Neuronal activity can profoundly influence functional restoration after both CNS and PNS injuries. Various forms of activity (e.g., electrical, optogenetic) can enhance sprouting of spared projections27,53,54,55, regenerative axonal growth19,56, remyelination57,58, and synaptic formation59,60. Another means to activate neurons in a relatively specific fashion is via chemogenetics. Previous studies have shown that chemogenetic activation of adult neurons increases the intrinsic capacity for axonal regeneration32,33. Because we and others have demonstrated that combining strategies to address both extrinsic and intrinsic limitations to axonal regeneration is more effective than solely addressing the extrinsic barriers14,15,61,62, in the present study, we sought to determine if repeated chemogenetic activation would enhance DRG axon regrowth and, if so, by what mechanisms.
We found that chemogenetic activation of hM3Dq+ adult DRG neurons increases axon growth on a ChABC-treated inhibitory substrate in vitro (Fig. 1). Moreover, we found that chronic, intermittent neuronal activation of hM3Dq+ DRGs increased their ability to regenerate axons across a ChABC-treated DREZ into the dorsal horn (Fig. 6). Interestingly, neuronal activation-mediated axon regeneration correlated with functional recovery in the grid walking test, a task that is highly dependent upon proprioceptive sensation. We believe that the integration of these regenerated sensory axons into a relevant circuit was responsible for this recovery for several reasons. Large caliber DRG neurons that carry proprioceptive sensory information were the predominant subtype transduced to express hM3Dq (Fig. 2). A much smaller percentage of nociceptive fibers was transduced, corresponding with a lack of a treatment effect in the Hargreaves’ thermal sensory test (Fig. 5c). We have evidence that the regenerated axons in the hM3Dq+ animals integrated into spinal circuits, as indicated by the induction of c-Fos in spinal neurons after electrical stimulation of the ipsilateral median and ulnar nerves (Fig. 7). Interestingly, ~27% of those cFos+ neurons were located in lamina III, which contains interneurons that are important for integrating sensory feedback into motor function63. Additionally, we did not observe functional improvements in the hM3Dq+ animals until 6 weeks after crush, a time frame that is inconsistent with sparing of axons following an incomplete crush but is consistent with novel growth and synapse formation mediating the recovery. Moreover, we did not observe regenerated axons in the ipsilateral dorsal horn (Fig. 6f) nor c-Fos+ neurons (Fig. 7d) at the early, 4 week post-crush time point. Unfortunately, the mCherry reporter is fused to hM3Dq and, in our hands, only localized to the soma and portions of axons closer to the soma. Thus, we were not able to reliably assess whether neuronal activation promotes long-distance, dorsal column axon regeneration and/or innervation of the dorsal column nuclei, as has been examined in other studies following other manipulations64,65,66.

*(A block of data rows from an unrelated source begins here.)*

lemma sum_quilt_atLeastAtMost: "(\<Sum>i=1..n+1. quilt i) + 6 = quilt (n + 6)"
proof (induction n)
  case 0
  then show ?case by (simp add: numeral_eq_Suc)
next
  case (Suc n)
  then show ?case using quilt_Suc_eq[of "n + 6"] by simp
qed

lemma FQ_legal_subset: "FQ_legal S \<Longrightarrow> T \<subseteq> S \<Longrightarrow> FQ_legal T"
  unfolding FQ_legal_def by blast

lemma FQ_legal_diff:
  assumes "FQ_legal S" "i \<in> S" "j \<in> S" "j < i"
  shows "i - j \<notin> {1, 3, 4}"
proof -
  have "\<bar>int i - int j\<bar> = int (i - j)" using \<open>j < i\<close> by simp
  then show ?thesis using assms unfolding FQ_legal_def by fastforce
qed

lemma FQ_legal_remove_max:
  assumes legal: "FQ_legal S" and sub: "S \<subseteq> {1..n}" and top: "n \<in> S"
  obtains "S - {n} \<subseteq> {1..n - 5}"
  | "4 \<le> n" "n - 2 \<in> S" "S - {n, n - 2} \<subseteq> {1..n - 7}"
proof -
  have below_top: "1 \<le> x \<and> (x + 2 = n \<or> x + 5 \<le> n)" if "x \<in> S - {n}" for x
  proof -
    have "1 \<le> x" "x < n" using that sub by (auto simp: subset_iff)
    then show ?thesis using FQ_legal_diff[OF legal top, of x] that by auto
  qed
  show thesis
  proof (cases "2 \<le> n \<and> n - 2 \<in> S")
    case False
    then have "S - {n} \<subseteq> {1..n - 5}" using below_top by fastforce
    then show thesis by (rule that(1))
  next
    case True
    have "n \<noteq> 2" using True sub by auto
    moreover have "n \<noteq> 3" using True top legal unfolding FQ_legal_def by auto
    ultimately have "4 \<le> n" using True by auto
    have "x + 7 \<le> n" if x: "x \<in> S - {n, n - 2}" for x
    proof -
      have "x + 5 \<le> n" using below_top[of x] x by auto
      moreover have "n - 2 - x \<notin> {1, 3, 4}"
        using FQ_legal_diff[OF legal _ _, of "n - 2" x] True x \<open>x + 5 \<le> n\<close> by auto
      ultimately show ?thesis by auto
    qed
    then have "S - {n, n - 2} \<subseteq> {1..n - 7}" using below_top by fastforce
    with \<open>4 \<le> n\<close> True show thesis by (intro that(2)) auto
  qed
qed

lemma sum_quilt_less: "FQ_legal S \<Longrightarrow> S \<subseteq> {1..m} \<Longrightarrow> sum quilt S < quilt (m + 3)"
proof (induction m arbitrary: S rule: less_induct)
  case (less m)
  have fin: "finite S" using less.prems(2) finite_subset by blast
  show ?case
  proof (cases "m \<in> S")
    case False
    show ?thesis
    proof (cases "m = 0")
      case True
      then show ?thesis using less.prems(2) by (simp add: numeral_eq_Suc)
    next
      case False
      have "S \<subseteq> {1..m - 1}" using less.prems(2) \<open>m \<notin> S\<close> by (auto simp: subset_iff le_less)
      then have "sum quilt S < quilt (m - 1 + 3)" using less.IH[of "m - 1"] less.prems(1) False by simp
      also have "\<dots> \<le> quilt (m + 3)" by (rule quilt_mono) simp
      finally show ?thesis .
    qed
  next
    case True
    have split: "sum quilt S = quilt m + sum quilt (S - {m})" using fin True by (simp add: sum.remove)
    from FQ_legal_remove_max[OF less.prems True] show ?thesis
    proof cases
      case 1
      have "sum quilt (S - {m}) < quilt (m + 1)"
      proof (cases "S - {m} = {}")
        case True
        show ?thesis unfolding True using quilt_less[of 0 "m + 1"] by simp
      next
        case False
        then have "6 \<le> m" using 1 by auto
        have "sum quilt (S - {m}) < quilt (m - 5 + 3)"
          using less.IH[of "m - 5"] 1 FQ_legal_subset[OF less.prems(1)] \<open>6 \<le> m\<close> by auto
        also have "\<dots> \<le> quilt (m + 1)" by (rule quilt_mono) (use \<open>6 \<le> m\<close> in simp)
        finally show ?thesis .
      qed
      then show ?thesis using split quilt_add_le[of m] by simp
    next
      case 2
      have split2: "sum quilt (S - {m}) = quilt (m - 2) + sum quilt (S - {m, m - 2})"
        using sum.remove[of "S - {m}" "m - 2" quilt] fin 2 by (simp add: Diff_insert2[symmetric] insert_commute)
      have "sum quilt (S - {m, m - 2}) < quilt (m - 7 + 3)"
        using less.IH[of "m - 7"] 2 FQ_legal_subset[OF less.prems(1)] by auto
      also have "\<dots> \<le> quilt (m - 1)" by (rule quilt_mono) (use 2 in simp)
      finally have "sum quilt (S - {m, m - 2}) < quilt (m - 1)" .
      moreover have "quilt (m + 1) = quilt (m - 1) + quilt (m - 2)" using quilt_rec[of "m + 1"] 2 by simp
      ultimately show ?thesis using split split2 quilt_add_le[of m] by simp
    qed
  qed
qed

lemma sum_quilt_neq_small: "n \<le> 5 \<Longrightarrow> FQ_legal S \<Longrightarrow> S \<subseteq> {1..n} \<Longrightarrow> sum quilt S \<noteq> quilt (Suc n)"
proof -
  have "\<forall>S\<in>Pow {1..5}. FQ_legal S \<longrightarrow> (\<forall>n\<le>5. S \<subseteq> {1..n} \<longrightarrow> sum quilt S \<noteq> quilt (Suc n))"
    by (simp add: atLeastAtMost_insertL[symmetric] Pow_insert FQ_legal_def numeral_eq_Suc le_Suc_eq)
  moreover assume "n \<le> 5" "FQ_legal S" "S \<subseteq> {1..n}"
  ultimately show ?thesis by fastforce
qed

lemma sum_quilt_neq_if_max:
  assumes IH: "\<And>k T. k < n \<Longrightarrow> FQ_legal T \<Longrightarrow> T \<subseteq> {1..k} \<Longrightarrow> sum quilt T \<noteq> quilt (Suc k)"
    and "6 \<le> n" and legal: "FQ_legal S" and sub: "S \<subseteq> {1..n}" and top: "n \<in> S"
  shows "sum quilt S \<noteq> quilt (Suc n)"
proof -
  have fin: "finite S" using sub finite_subset by blast
  have split: "sum quilt S = quilt n + sum quilt (S - {n})" using fin top by (simp add: sum.remove)
  have succ: "quilt (Suc n) = quilt n + quilt (Suc (n - 5))"
    using quilt_Suc_eq[OF \<open>6 \<le> n\<close>] \<open>6 \<le> n\<close> by (simp add: Suc_diff_Suc numeral_eq_Suc)
  from FQ_legal_remove_max[OF legal sub top] show ?thesis
  proof cases
    case 1
    then show ?thesis
      using IH[of "n - 5" "S - {n}"] FQ_legal_subset[OF legal] split succ \<open>6 \<le> n\<close> by auto
  next
    case 2
    then have "quilt (n - 2) \<le> sum quilt (S - {n})" using fin \<open>6 \<le> n\<close> by (intro member_le_sum) auto
    moreover have "quilt (Suc (n - 5)) < quilt (n - 2)" by (rule quilt_less) (use \<open>6 \<le> n\<close> in simp)
    ultimately show ?thesis using split succ by simp
  qed
qed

Chemogenetic technology allows the investigator to easily and remotely activate DRG neurons specifically using a systemic injection of CNO. The duration and timing of stimulation likely affects the efficacy of these treatments. For instance, repeated chemogenetic activation of DRG neurons (5 times per week for 2 weeks) following sciatic nerve injury resulted in greater axon regeneration than a single activation67. However, continuous electrical stimulation for 2 weeks does not68. Whether the difference is due to the stimulation pattern itself (repeated, intermittent stimulation vs. continuous stimulation) or whether electrical stimulation activates pathways that are different than chemogenetic activation remains to be investigated fully. Moreover, the optimal pattern of stimulation required to promote growth is still not well understood. Optogenetics or electrical stimulation would be a better means to address this important question, given that one is better able to regulate frequency and duration of activation with these techniques. Nevertheless, our studies support the notion that recurrent, intermittent neuronal activation over a prolonged period of time can enhance axon regeneration; we saw more functional axonal regeneration after 12 weeks of daily, neuronal activation than 4 weeks.

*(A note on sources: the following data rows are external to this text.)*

(* N d vertices on level d, each with weight R, and N (Suc d) vertices on level d + 1 choosing
   their parents among them: peeling off the top level with x^m <= m! e^x leaves the tower. *)
lemma prod_power_le_fact_exp_tower:
  fixes R :: real and N :: "nat \<Rightarrow> nat"
  assumes "0 \<le> R"
  shows "(\<Prod>d<k. (R * N d) ^ N (Suc d))
           \<le> (\<Prod>d<k. fact (N (Suc d))) * exp (exp_tower R k * N 0)"
proof (induction k arbitrary: N)
  case (Suc k)
  define F where "F = (\<Prod>d<k. (fact (N (Suc (Suc d))) :: real))"
  have "F \<ge> 0"
    unfolding F_def by (rule prod_nonneg) simp
  have "(\<Prod>d<Suc k. (R * N d) ^ N (Suc d))
          = (R * N 0) ^ N 1 * (\<Prod>d<k. (R * N (Suc d)) ^ N (Suc (Suc d)))"
    unfolding prod.lessThan_Suc_shift by simp
  also have "\<dots> \<le> (R * N 0) ^ N 1 * (F * exp (exp_tower R k * N 1))"
    using Suc.IH[of "\<lambda>d. N (Suc d)"] assms unfolding F_def by (intro mult_left_mono) auto
  also have "\<dots> = (R * N 0 * exp (exp_tower R k)) ^ N 1 * F"
    by (simp add: power_mult_distrib exp_of_nat_mult[symmetric] mult_ac)
  also have "\<dots> \<le> fact (N 1) * exp (R * N 0 * exp (exp_tower R k)) * F"
    using assms \<open>F \<ge> 0\<close> by (intro mult_right_mono power_le_fact_mult_exp) auto
  also have "\<dots> = (\<Prod>d<Suc k. fact (N (Suc d))) * exp (exp_tower R (Suc k) * N 0)"
    unfolding F_def prod.lessThan_Suc_shift by (simp add: mult_ac)
  finally show ?case .
qed simp

lemma set_subseq: "subseq ys xs \<Longrightarrow> set ys \<subseteq> set xs"
  by (auto elim: list_emb_set)

lemma sorted_wrt_subseq: "subseq ys xs \<Longrightarrow> sorted_wrt P xs \<Longrightarrow> sorted_wrt P ys"
  by (induction rule: list_emb.induct) (auto dest: set_subseq)

lemma sorted_wrt_iff_same_order:
  fixes xs ys :: "nat list"
  assumes P: "P = (<) \<or> P = (>)" and len: "length xs = length ys" and xs: "sorted_wrt P xs"
  shows "sorted_wrt P ys \<longleftrightarrow> (\<forall>i<length xs. \<forall>j<length xs. xs ! i < xs ! j \<longleftrightarrow> ys ! i < ys ! j)"
proof
  have order_iff_index: "zs ! i < zs ! j \<longleftrightarrow> P i j"
    if "sorted_wrt P zs" "i < length zs" "j < length zs" for zs and i j
    using P that(2,3) by (cases i j rule: linorder_cases) (auto dest: sorted_wrt_nth_less[OF that(1)])
  show "sorted_wrt P ys \<Longrightarrow> \<forall>i<length xs. \<forall>j<length xs. xs ! i < xs ! j \<longleftrightarrow> ys ! i < ys ! j"
    using order_iff_index[OF xs] order_iff_index len by auto
next
  assume "\<forall>i<length xs. \<forall>j<length xs. xs ! i < xs ! j \<longleftrightarrow> ys ! i < ys ! j"
  then show "sorted_wrt P ys"
    using xs P len unfolding sorted_wrt_iff_nth_less by auto
qed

How does DRG activation enhance sensory axon regeneration? Interestingly, we found that even though neuronal activation does not impact total tubulin levels, it does shift the distal end of extending axons from being rich in acetylated tubulin, a marker of stable microtubules, to being abundant with tyrosinated tubulin, a hallmark of labile microtubules (Figs. 8 and 9). This phenotype is consistent with neuronal activation enriching the leading end with a dynamic, labile microtubule array, recapitulating what occurs in juvenile axons. It is known that pathfinding depends on labile microtubules, which allow the growth cone to steer the extending axon appropriately in response to attractive or repulsive guidance cues69,70,71,72. Additionally, labile microtubules also play a critical role in the microtubule engorgement of the growth cone, a crucial step for consolidating a growth cone into a new axon73,74. Therefore, neuronal activation may enable the extending axon to navigate through environments by increasing dynamic microtubules in the growth cone70,74.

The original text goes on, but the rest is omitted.